Your visual system converts light into a rich, continuous perception of the world through a chain of events that starts at the front of the eye and ends deep in the brain. The entire process, from photon hitting your retina to conscious awareness, takes only a fraction of a second. But within that sliver of time, light is bent, translated into electrical signals, sorted into parallel streams of information, and assembled into everything you see: color, shape, motion, and depth.

How the Eye Focuses Light

Light enters the eye through the cornea, the clear dome at the front. The cornea is responsible for roughly 65% to 75% of the eye’s total focusing power. It bends incoming light sharply because of the large difference between the refractive index of air and the cornea’s own dense tissue. Behind the cornea, the lens provides the remaining focusing power and, critically, can change shape.
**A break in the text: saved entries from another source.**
(* Let $(M,g)$ be an $n$-dimensional Riemannian manifold with $n>3$ and constant scalar curvature, let $V$ be a vector field on $M$ with $\nabla_X V=aX$ for all $X\in\chi(M)$ ($\nabla$ the Levi-Civita connection), where $a$ is a nonzero real constant, and let $\eta$ be the $g$-dual $1$-form of $V$. If $(V,\lambda,\mu)$ is an almost $\eta$-Ricci soliton on $(M,g)$, then $M$ is Ricci-flat.
   Context: An almost $\eta$-Ricci soliton $(V,\lambda,\mu)$ on $(M,g)$, for a given $1$-form $\eta$, consists of a vector field $V$ and smooth functions $\lambda,\mu$ on $M$ with $\frac12\pounds_V g+\mathrm{Ric}=\lambda g+\mu\,\eta\otimes\eta$, where $\pounds_V$ is the Lie derivative and $\mathrm{Ric}$ the Ricci tensor of $g$. *)

theory Defs
  imports "HOL-Analysis.Analysis"
begin

text \<open>Local coordinate (chart) description of a Riemannian manifold: an open set
  U of R^n (points of type real^'n) carrying a smooth metric tensor field g,
  given by its component matrix g x $ i $ j.\<close>

definition pd :: "'n::finite \<Rightarrow> (real^'n \<Rightarrow> real) \<Rightarrow> real^'n \<Rightarrow> real" where
  "pd i f x = deriv (\<lambda>t. f (x + t *\<^sub>R axis i 1)) 0"

definition smooth_on :: "(real^'n::finite) set \<Rightarrow> (real^'n \<Rightarrow> real) \<Rightarrow> bool" where
  "smooth_on U f \<longleftrightarrow> (\<forall>is::'n list. continuous_on U (foldr pd is f) \<and>
      (\<forall>x\<in>U. foldr pd is f differentiable (at x)))"

definition riemannian_metric_on ::
  "(real^'n::finite) set \<Rightarrow> (real^'n \<Rightarrow> real^'n^'n) \<Rightarrow> bool" where
  "riemannian_metric_on U g \<longleftrightarrow> open U \<and>
     (\<forall>i j. smooth_on U (\<lambda>x. g x $ i $ j)) \<and>
     (\<forall>x\<in>U. \<forall>i j. g x $ i $ j = g x $ j $ i) \<and>
     (\<forall>x\<in>U. \<forall>v. v \<noteq> 0 \<longrightarrow> (\<Sum>i\<in>UNIV. \<Sum>j\<in>UNIV. g x $ i $ j * v $ i * v $ j) > 0)"

definition vector_field_on :: "(real^'n::finite) set \<Rightarrow> (real^'n \<Rightarrow> real^'n) \<Rightarrow> bool" where
  "vector_field_on U V \<longleftrightarrow> (\<forall>k. smooth_on U (\<lambda>x. V x $ k))"

definition ginv :: "(real^'n::finite \<Rightarrow> real^'n^'n) \<Rightarrow> 'n \<Rightarrow> 'n \<Rightarrow> real^'n \<Rightarrow> real" where
  "ginv g i j x = matrix_inv (g x) $ i $ j"

definition christoffel ::
  "(real^'n::finite \<Rightarrow> real^'n^'n) \<Rightarrow> 'n \<Rightarrow> 'n \<Rightarrow> 'n \<Rightarrow> real^'n \<Rightarrow> real" where
  "christoffel g k i j x = (1/2) * (\<Sum>l\<in>UNIV. ginv g k l x *
      (pd i (\<lambda>y. g y $ j $ l) x + pd j (\<lambda>y. g y $ i $ l) x - pd l (\<lambda>y. g y $ i $ j) x))"

definition cov_deriv ::
  "(real^'n::finite \<Rightarrow> real^'n^'n) \<Rightarrow> (real^'n \<Rightarrow> real^'n) \<Rightarrow> (real^'n \<Rightarrow> real^'n) \<Rightarrow> real^'n \<Rightarrow> real^'n" where
  "cov_deriv g X V x = (\<chi> k. \<Sum>i\<in>UNIV. X x $ i *
      (pd i (\<lambda>y. V y $ k) x + (\<Sum>j\<in>UNIV. christoffel g k i j x * V x $ j)))"

definition ricci :: "(real^'n::finite \<Rightarrow> real^'n^'n) \<Rightarrow> 'n \<Rightarrow> 'n \<Rightarrow> real^'n \<Rightarrow> real" where
  "ricci g i j x = (\<Sum>k\<in>UNIV. pd k (christoffel g k i j) x - pd j (christoffel g k k i) x
      + (\<Sum>p\<in>UNIV. christoffel g k k p x * christoffel g p i j x
             - christoffel g k j p x * christoffel g p k i x))"

definition scalar_curvature :: "(real^'n::finite \<Rightarrow> real^'n^'n) \<Rightarrow> real^'n \<Rightarrow> real" where
  "scalar_curvature g x = (\<Sum>i\<in>UNIV. \<Sum>j\<in>UNIV. ginv g i j x * ricci g i j x)"

definition lie_deriv_metric ::
  "(real^'n::finite \<Rightarrow> real^'n^'n) \<Rightarrow> (real^'n \<Rightarrow> real^'n) \<Rightarrow> 'n \<Rightarrow> 'n \<Rightarrow> real^'n \<Rightarrow> real" where
  "lie_deriv_metric g V i j x = (\<Sum>k\<in>UNIV. V x $ k * pd k (\<lambda>y. g y $ i $ j) x
      + g x $ k $ j * pd i (\<lambda>y. V y $ k) x + g x $ i $ k * pd j (\<lambda>y. V y $ k) x)"

definition dual_form :: "(real^'n::finite \<Rightarrow> real^'n^'n) \<Rightarrow> (real^'n \<Rightarrow> real^'n) \<Rightarrow> 'n \<Rightarrow> real^'n \<Rightarrow> real" where
  "dual_form g V i x = (\<Sum>j\<in>UNIV. g x $ i $ j * V x $ j)"

definition almost_eta_ricci_soliton ::
  "(real^'n::finite) set \<Rightarrow> (real^'n \<Rightarrow> real^'n^'n) \<Rightarrow> ('n \<Rightarrow> real^'n \<Rightarrow> real) \<Rightarrow>
   (real^'n \<Rightarrow> real^'n) \<Rightarrow> (real^'n \<Rightarrow> real) \<Rightarrow> (real^'n \<Rightarrow> real) \<Rightarrow> bool" where
  "almost_eta_ricci_soliton U g eta V lam mu \<longleftrightarrow>
     vector_field_on U V \<and> smooth_on U lam \<and> smooth_on U mu \<and>
     (\<forall>x\<in>U. \<forall>i j. (1/2) * lie_deriv_metric g V i j x + ricci g i j x
        = lam x * g x $ i $ j + mu x * eta i x * eta j x)"

definition ricci_flat_on :: "(real^'n::finite) set \<Rightarrow> (real^'n \<Rightarrow> real^'n^'n) \<Rightarrow> bool" where
  "ricci_flat_on U g \<longleftrightarrow> (\<forall>x\<in>U. \<forall>i j. ricci g i j x = 0)"

end

theory Submission
  imports Defs
begin

text \<open>Since \<open>\<nabla>V = a Id\<close>, \<open>V\<close> is homothetic: \<open>L\<^sub>V g = 2a g\<close>, so the flow of \<open>V\<close> preserves the
  Levi-Civita connection and \<open>L\<^sub>V Ric = 0\<close>; moreover \<open>R(X, Y) V = 0\<close>, so \<open>Ric(V, -) = 0\<close>.
  The soliton equation becomes \<open>Ric = (\<lambda> - a) g + \<mu> \<eta> \<otimes> \<eta>\<close>. Where \<open>V \<noteq> 0\<close>, contracting with \<open>V\<close>
  gives \<open>\<lambda> - a + \<mu> |V|\<^sup>2 = 0\<close> and tracing then gives \<open>S = (n - 1)(\<lambda> - a)\<close>, so \<open>\<lambda>\<close> is locally
  constant. Applying \<open>L\<^sub>V\<close> to the soliton equation yields
  \<open>(V\<lambda> + 2a(\<lambda> - a)) g + (V\<mu> + 4a\<mu>) \<eta> \<otimes> \<eta> = 0\<close>; as \<open>g\<close> and \<open>\<eta> \<otimes> \<eta>\<close> are independent when
  \<open>n \<ge> 2\<close>, \<open>\<lambda> = a\<close>, hence \<open>\<mu> = 0\<close> where \<open>V \<noteq> 0\<close>, and \<open>Ric = 0\<close>.\<close>

lemma has_real_derivative_along_axis:
  fixes f :: "real^'n::finite \<Rightarrow> real"
  assumes "(f has_derivative f') (at (y + t *\<^sub>R axis i 1))"
  shows "((\<lambda>s. f (y + s *\<^sub>R axis i 1)) has_real_derivative f' (axis i 1)) (at t)"
proof -
  have "((\<lambda>s::real. y + s *\<^sub>R axis i 1) has_derivative (\<lambda>s. s *\<^sub>R axis i 1)) (at t)"
    by (auto intro!: derivative_eq_intros)
  from has_derivative_compose[OF this assms]
  have "((\<lambda>s. f (y + s *\<^sub>R axis i 1)) has_derivative (\<lambda>s. f' (s *\<^sub>R axis i 1))) (at t)"
    by (simp add: o_def)
  moreover have "(\<lambda>s. f' (s *\<^sub>R axis i 1)) = (*) (f' (axis i 1))"
    using has_derivative_linear[OF assms] by (auto simp: linear_cmul mult.commute)
  ultimately show ?thesis by (simp add: has_field_derivative_def)
qed

lemma pd_eq_frechet:
  assumes "(f has_derivative f') (at x)"
  shows "pd i f x = f' (axis i 1)"
  unfolding pd_def by (rule DERIV_imp_deriv, rule has_real_derivative_along_axis) (simp add: assms)

lemma pd_has_real_derivative_along_axis:
  fixes f :: "real^'n::finite \<Rightarrow> real"
  assumes "f differentiable (at (y + t *\<^sub>R axis i 1))"
  shows "((\<lambda>s. f (y + s *\<^sub>R axis i 1)) has_real_derivative pd i f (y + t *\<^sub>R axis i 1)) (at t)"
proof -
  obtain f' where "(f has_derivative f') (at (y + t *\<^sub>R axis i 1))"
    using assms by (auto simp: differentiable_def)
  then show ?thesis
    using has_real_derivative_along_axis pd_eq_frechet by metis
qed

lemma pd_has_real_derivative:
  fixes f :: "real^'n::finite \<Rightarrow> real"
  assumes "f differentiable (at x)"
  shows "((\<lambda>t. f (x + t *\<^sub>R axis i 1)) has_real_derivative pd i f x) (at 0)"
  using pd_has_real_derivative_along_axis[of f x 0 i] assms by simp

lemma pd_const [simp]: "pd i (\<lambda>y. c) x = 0"
  unfolding pd_def by simp

lemma pd_add:
  assumes "f differentiable (at x)" "g differentiable (at x)"
  shows "pd i (\<lambda>y. f y + g y) x = pd i f x + pd i g x"
  unfolding pd_def[of i "\<lambda>y. f y + g y"]
  by (rule DERIV_imp_deriv, rule DERIV_add[OF pd_has_real_derivative[OF assms(1)] pd_has_real_derivative[OF assms(2)]])

lemma pd_diff:
  assumes "f differentiable (at x)" "g differentiable (at x)"
  shows "pd i (\<lambda>y. f y - g y) x = pd i f x - pd i g x"
  unfolding pd_def[of i "\<lambda>y. f y - g y"]
  by (rule DERIV_imp_deriv, rule DERIV_diff[OF pd_has_real_derivative[OF assms(1)] pd_has_real_derivative[OF assms(2)]])

lemma pd_mult:
  assumes "f differentiable (at x)" "g differentiable (at x)"
  shows "pd i (\<lambda>y. f y * g y) x = pd i f x * g x + f x * pd i g x"
proof -
  have "((\<lambda>t. f (x + t *\<^sub>R axis i 1) * g (x + t *\<^sub>R axis i 1)) has_real_derivative
      pd i f x * g (x + 0 *\<^sub>R axis i 1) + pd i g x * f (x + 0 *\<^sub>R axis i 1)) (at 0)"
    by (rule DERIV_mult[OF pd_has_real_derivative[OF assms(1)] pd_has_real_derivative[OF assms(2)]])
  then show ?thesis
    unfolding pd_def[of i "\<lambda>y. f y * g y"] by (simp add: DERIV_imp_deriv algebra_simps)
qed

lemma pd_inverse:
  assumes "h differentiable (at x)" "h x \<noteq> 0"
  shows "pd i (\<lambda>y. 1 / h y) x = - pd i h x / (h x)\<^sup>2"
proof -
  have "((\<lambda>t. 1 / h (x + t *\<^sub>R axis i 1)) has_real_derivative - pd i h x / (h x)\<^sup>2) (at 0)"
    using DERIV_inverse_fun[OF pd_has_real_derivative[OF assms(1)]] assms(2)
    by (simp add: divide_inverse power2_eq_square)
  then show ?thesis
    unfolding pd_def[of i "\<lambda>y. 1 / h y"] by (rule DERIV_imp_deriv)
qed

lemma pd_sum:
  assumes "finite S" "\<And>s. s \<in> S \<Longrightarrow> f s differentiable (at x)"
  shows "pd i (\<lambda>y. \<Sum>s\<in>S. f s y) x = (\<Sum>s\<in>S. pd i (f s) x)"
  using assms
proof (induction S rule: finite_induct)
  case (insert s S)
  have "(\<lambda>y. \<Sum>s\<in>S. f s y) differentiable (at x)"
    using insert by (auto intro!: differentiable_sum)
  then show ?case
    using insert pd_add[of "f s" x "\<lambda>y. \<Sum>s\<in>S. f s y" i] by simp
qed simp

lemma pd_cong_open:
  assumes "open U" "x \<in> U" "\<And>y. y \<in> U \<Longrightarrow> f y = g y"
  shows "pd i f x = pd i g x"
proof -
  obtain e where e: "e > 0" "ball x e \<subseteq> U"
    using assms(1,2) open_contains_ball by blast
  have "\<forall>\<^sub>F t in nhds (0::real). t \<in> ball 0 e"
    using e(1) by (intro eventually_nhds_in_open) auto
  then have "\<forall>\<^sub>F t in nhds 0. f (x + t *\<^sub>R axis i 1) = g (x + t *\<^sub>R axis i 1)"
  proof eventually_elim
    case (elim t)
    then have "x + t *\<^sub>R axis i 1 \<in> U" using e(2) by (auto simp: dist_norm)
    then show ?case by (rule assms(3))
  qed
  then show ?thesis unfolding pd_def by (rule deriv_cong_ev) simp
qed

fun differentiable_upto :: "nat \<Rightarrow> (real^'n::finite) set \<Rightarrow> (real^'n \<Rightarrow> real) \<Rightarrow> bool" where
  "differentiable_upto 0 U f \<longleftrightarrow> (\<forall>x\<in>U. f differentiable (at x))"
| "differentiable_upto (Suc n) U f \<longleftrightarrow>
     (\<forall>x\<in>U. f differentiable (at x)) \<and> (\<forall>i. differentiable_upto n U (pd i f))"

lemma differentiable_upto_imp_differentiable:
  "differentiable_upto n U f \<Longrightarrow> x \<in> U \<Longrightarrow> f differentiable (at x)"
  by (cases n) auto

lemma differentiable_upto_Suc_imp: "differentiable_upto (Suc n) U f \<Longrightarrow> differentiable_upto n U f"
  by (induction n arbitrary: f) auto

lemma differentiable_upto_iff:
  "differentiable_upto n U f \<longleftrightarrow>
     (\<forall>is::'n::finite list. length is \<le> n \<longrightarrow> (\<forall>x\<in>U. foldr pd is f differentiable (at x)))"
proof (induction n arbitrary: f)
  case (Suc n)
  have "(\<forall>is::'n list. length is \<le> Suc n \<longrightarrow> (\<forall>x\<in>U. foldr pd is f differentiable (at x))) \<longleftrightarrow>
      (\<forall>x\<in>U. f differentiable (at x)) \<and>
      (\<forall>i. \<forall>is::'n list. length is \<le> n \<longrightarrow> (\<forall>x\<in>U. foldr pd (is @ [i]) f differentiable (at x)))"
    by (metis (no_types, lifting) foldr.simps(1) id_apply le0 length_append_singleton list.size(3)
        not_less_eq_eq rev_exhaust)
  then show ?case using Suc by simp
qed simp

lemma smooth_on_iff_differentiable_upto:
  fixes U :: "(real^'n::finite) set"
  shows "smooth_on U f \<longleftrightarrow> (\<forall>n. differentiable_upto n U f)"
proof -
  have "continuous_on U h" if "\<forall>x\<in>U. h differentiable (at x)" for h :: "real^'n \<Rightarrow> real"
    using that by (meson continuous_at_imp_continuous_on differentiable_imp_continuous_within)
  then show ?thesis
    unfolding smooth_on_def differentiable_upto_iff by blast
qed

lemma differentiable_upto_const:
  fixes U :: "(real^'n::finite) set"
  shows "differentiable_upto n U (\<lambda>y. c)"
proof (induction n arbitrary: c)
  case (Suc n)
  have "pd i (\<lambda>y. c) = (\<lambda>y::real^'n. 0)" for i :: 'n by (rule ext) simp
  then show ?case using Suc.IH by simp
qed simp

context
  fixes U :: "(real^'n::finite) set"
  assumes open_U: "open U"
begin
Tiny muscles surrounding the lens contract or relax to make it thicker or flatter, adjusting focus for objects at different distances. This process, called accommodation, is why you can shift your gaze from a book in your hands to a sign across the street and see both clearly (though not simultaneously).

Together, the cornea and lens project a focused, inverted image onto the retina, a thin layer of tissue lining the back of the eye. The image is genuinely upside down and reversed left to right. Your brain learns to interpret this flipped projection as right-side-up from very early in development.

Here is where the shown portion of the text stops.